Alarming New Study Predicts Dangerous Sea Level Rise to Occur in Decades, Not Centuries
A new scientific study, released to the media Tuesday by the European Geoscience Union’s Journal of Atmospheric and Physics, has major media sources reporting “alarming” study predictions of sea level rise and extreme weather from global warming, “much faster” than the rate of rise predicted in the most recent report by IPCC scientists. The world’s governments are being urged to “speed up the transition to carbon-free energy.” (Slate, 3/22/16)
Last year was the hottest on record. This January was the hottest on record. This February was the hottest on record — when the northern hemisphere breached 2 degrees of average warming for the first time in human history. “Our planet’s temperature just reached a terrifying milestone.” (Slate, 3/12/16)
The study uses climate simulations, paleoclimate data and modern observations to infer that continued high fossil fuel emissions will cause a slowdown and eventually shutdown the Atlantic Meridional Overturning Circulation and the Southern Meridional Oceanic Circulation, resulting in an increase in powerful storms and nonlinear sea level rise, rising up to several meters in 50–150 years.

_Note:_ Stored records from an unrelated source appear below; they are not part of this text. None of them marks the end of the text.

lemma power_totient_plus_prime:
  assumes p: "odd p" "p \<ge> 3"
    and Z: "\<pi> \<in> int_adjoin z" "B \<in> int_adjoin z" "w \<in> int_adjoin z" "e \<in> int_adjoin z"
    and T: "T = - (\<pi> ^ m) + of_nat p * \<pi> * B"
    and Tp: "T ^ (p - 1) = - of_nat p * (1 + T * w)"
    and e: "of_nat p = \<pi> ^ (m * (p - 1)) * e"
  shows "\<exists>x\<in>int_adjoin z. \<pi> ^ (m * (p - 1)) + of_nat p = \<pi> ^ (p * m) * x"
proof -
  obtain q where q: "p = q + 3" using p(2) by (metis add.commute le_Suc_ex)
  have "even q" using p(1) q by simp
  define P where "P = (of_nat p :: complex)"
  define D where "D = P * \<pi> * B"
  obtain h where h: "h \<in> int_adjoin z" "(D - \<pi> ^ m) ^ (q + 2) =
      (\<pi> ^ m) ^ (q + 2) - of_nat (q + 2) * D * (\<pi> ^ m) ^ (q + 1) + D\<^sup>2 * h"
    using power_diff_even_first_order[OF \<open>even q\<close>, of D z "\<pi> ^ m"] Z
    unfolding D_def P_def by (auto intro!: int_adjoin_closed)
  have "T = D - \<pi> ^ m" "p - 1 = q + 2"
    unfolding T D_def P_def q by simp_all
  with h(2) have expand:
    "T ^ (p - 1) = \<pi> ^ (m * (q + 2)) - of_nat (q + 2) * D * \<pi> ^ (m * (q + 1)) + D\<^sup>2 * h"
    by (simp only: power_mult)
  define X where "X = w - \<pi> ^ (m * (q + 1) + 1) * e * B * w
      + of_nat (q + 2) * B * \<pi> ^ (m * q + 1) - \<pi> ^ (m * (q + 1) + 2) * e * B\<^sup>2 * h"
  have "\<pi> ^ (m * (q + 2)) + P =
      T ^ (p - 1) + of_nat (q + 2) * D * \<pi> ^ (m * (q + 1)) - D\<^sup>2 * h + P"
    unfolding expand by simp
  also have "\<dots> = - P * (T * w) + of_nat (q + 2) * D * \<pi> ^ (m * (q + 1)) - D\<^sup>2 * h"
    unfolding Tp P_def by (simp add: algebra_simps)
  also have "\<dots> = P * \<pi> ^ m * w - (P * P * \<pi>) * B * w
      + of_nat (q + 2) * P * B * (\<pi> ^ (m * (q + 1)) * \<pi>) - (P * P * \<pi>\<^sup>2) * B\<^sup>2 * h"
    unfolding T D_def P_def[symmetric] by (simp add: algebra_simps power2_eq_square)
  also have "\<dots> = P * \<pi> ^ m * X"
  proof -
    have f: "P * P * \<pi> = P * \<pi> ^ m * (\<pi> ^ (m * (q + 1) + 1) * e)"
      "P * P * \<pi>\<^sup>2 = P * \<pi> ^ m * (\<pi> ^ (m * (q + 1) + 2) * e)"
      "\<pi> ^ (m * (q + 1)) * \<pi> = \<pi> ^ m * \<pi> ^ (m * q + 1)"
      using e unfolding P_def q by (simp_all add: algebra_simps flip: power_add)
    show ?thesis unfolding f X_def by (simp add: algebra_simps)
  qed
  also have "P * \<pi> ^ m = \<pi> ^ (p * m) * e"
  proof -
    have "P = \<pi> ^ (m * (q + 2)) * e" "p * m = m * (q + 2) + m"
      using e unfolding P_def q by (simp_all add: algebra_simps)
    then show ?thesis by (simp only: power_add mult_ac)
  qed
  finally have "\<pi> ^ (m * (p - 1)) + of_nat p = \<pi> ^ (p * m) * (e * X)"
    unfolding P_def q by (simp add: mult.assoc)
  moreover have "e * X \<in> int_adjoin z"
    unfolding X_def using Z h(1) by (auto intro!: int_adjoin_closed)
  ultimately show ?thesis by blast
qed

theorem lemma5p10:
  fixes p n :: nat and \<mu> :: complex
  assumes "prime p" and "odd p" and "n \<ge> 2"
    and "primitive_root_of_unity (p ^ n) \<mu>"
  shows "cong_in_int_adjoin \<mu> ((1 - \<mu>) ^ (p ^ n - p ^ (n - 1))) (- of_nat p) ((1 - \<mu>) ^ (p ^ n))"
proof -
  define \<pi> where "\<pi> = 1 - \<mu>"
  define m where "m = p ^ (n - 1)"
  define T where "T = \<mu> ^ m - 1"
  have "p \<ge> 3"
    using prime_ge_2_nat[OF assms(1)] assms(2) by presburger
  have pn: "p ^ n = p * m"
    unfolding m_def using assms(3) by (simp flip: power_Suc)
  have totient: "p ^ n - p ^ (n - 1) = m * (p - 1)"
    unfolding pn m_def[symmetric] by (simp add: diff_mult_distrib2 mult.commute)
  have \<pi>: "\<pi> \<in> int_adjoin \<mu>" unfolding \<pi>_def by (auto intro!: int_adjoin_closed)
  obtain B where B: "B \<in> int_adjoin \<mu>" "T = - (\<pi> ^ m) + of_nat p * \<pi> * B"
    using one_minus_power_odd_prime_power[OF assms(1,2) \<pi>, of "n - 1"]
    unfolding T_def \<pi>_def m_def by auto
  have "\<mu> ^ (m * p) = 1" "\<mu> ^ m \<noteq> 1"
    using assms(4) pn \<open>p \<ge> 3\<close> unfolding primitive_root_of_unity_def by (auto simp: mult.commute)
  then have T: "T \<in> int_adjoin \<mu>" "T \<noteq> 0" "(T + 1) ^ p = 1"
    unfolding T_def by (auto intro!: int_adjoin_closed simp: power_mult)
  obtain w u where wu: "w \<in> int_adjoin \<mu>" "u \<in> int_adjoin \<mu>"
    "T ^ (p - 1) = - of_nat p * (1 + T * w)" "of_nat p = T ^ (p - 1) * u"
    using odd_prime_root_of_unity_minus_one[OF assms(1,2) T] .
  obtain e where e: "e \<in> int_adjoin \<mu>" "of_nat p = \<pi> ^ (m * (p - 1)) * e"
    using power_factor_bootstrap[OF \<pi> int_adjoin_uminus[OF int_adjoin_1] B(1) wu(2) int_adjoin_of_nat
        _ _ wu(4) order.refl] B(2) \<open>p \<ge> 3\<close> by fastforce
  obtain x where "x \<in> int_adjoin \<mu>" "\<pi> ^ (m * (p - 1)) + of_nat p = \<pi> ^ (p * m) * x"
    using power_totient_plus_prime[OF assms(2) \<open>p \<ge> 3\<close> \<pi> B(1) wu(1) e(1) B(2) wu(3) e(2)] by blast
  then show ?thesis
    unfolding cong_in_int_adjoin_def totient unfolding pn \<pi>_def[symmetric] by auto
qed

The meridional overturning circulation is a system of surface and deep currents encompassing all ocean basins. It transports large amounts of water, heat, salt, carbon, nutrients and other substances around the globe, and connects the surface ocean and atmosphere with the huge reservoir of the deep sea. The circulation of ocean water has been found to play a central role in climate and climate variability. Historically, the focus of research has been on the North Atlantic Basin, a primary site where water sinks from the surface to depth, triggered by loss of heat, and therefore buoyancy, to the atmosphere. A key part of the overturning puzzle, however, is the return path from the interior ocean to the surface through upwelling in the Southern Ocean. This return path is largely driven by winds. It has become clear over the past few years that the importance of Southern Ocean upwelling for our understanding of climate rivals that of North Atlantic downwelling, because it controls the rate at which ocean reservoirs of heat and carbon communicate with the surface.
The authors of the new study claim that the United Nations Intergovernmental Panel on Climate Change (IPCC) “missed” reporting on these important changes in their latest IPCC report, which the 18 authors of the new study underestimates ice sheet melt and the IPCC’s models are too insensitive to accurately account for ocean waters mixing.
In a video abstract: “Ice melt, Sea Level Rise and Superstorms”, lead author and climate scientist Dr. James Hansen states that evidence from paleoclimate data, climate modeling, and modern observations show that the maximum level of global warming that was set at the Paris Climate Summit meetings in early December 2015 of 2°C global warming to be “highly dangerous” and that “We have a climate emergency and must slash CO2 emissions ASAP or irreparable harm to the climate will be done for succeeding generations”.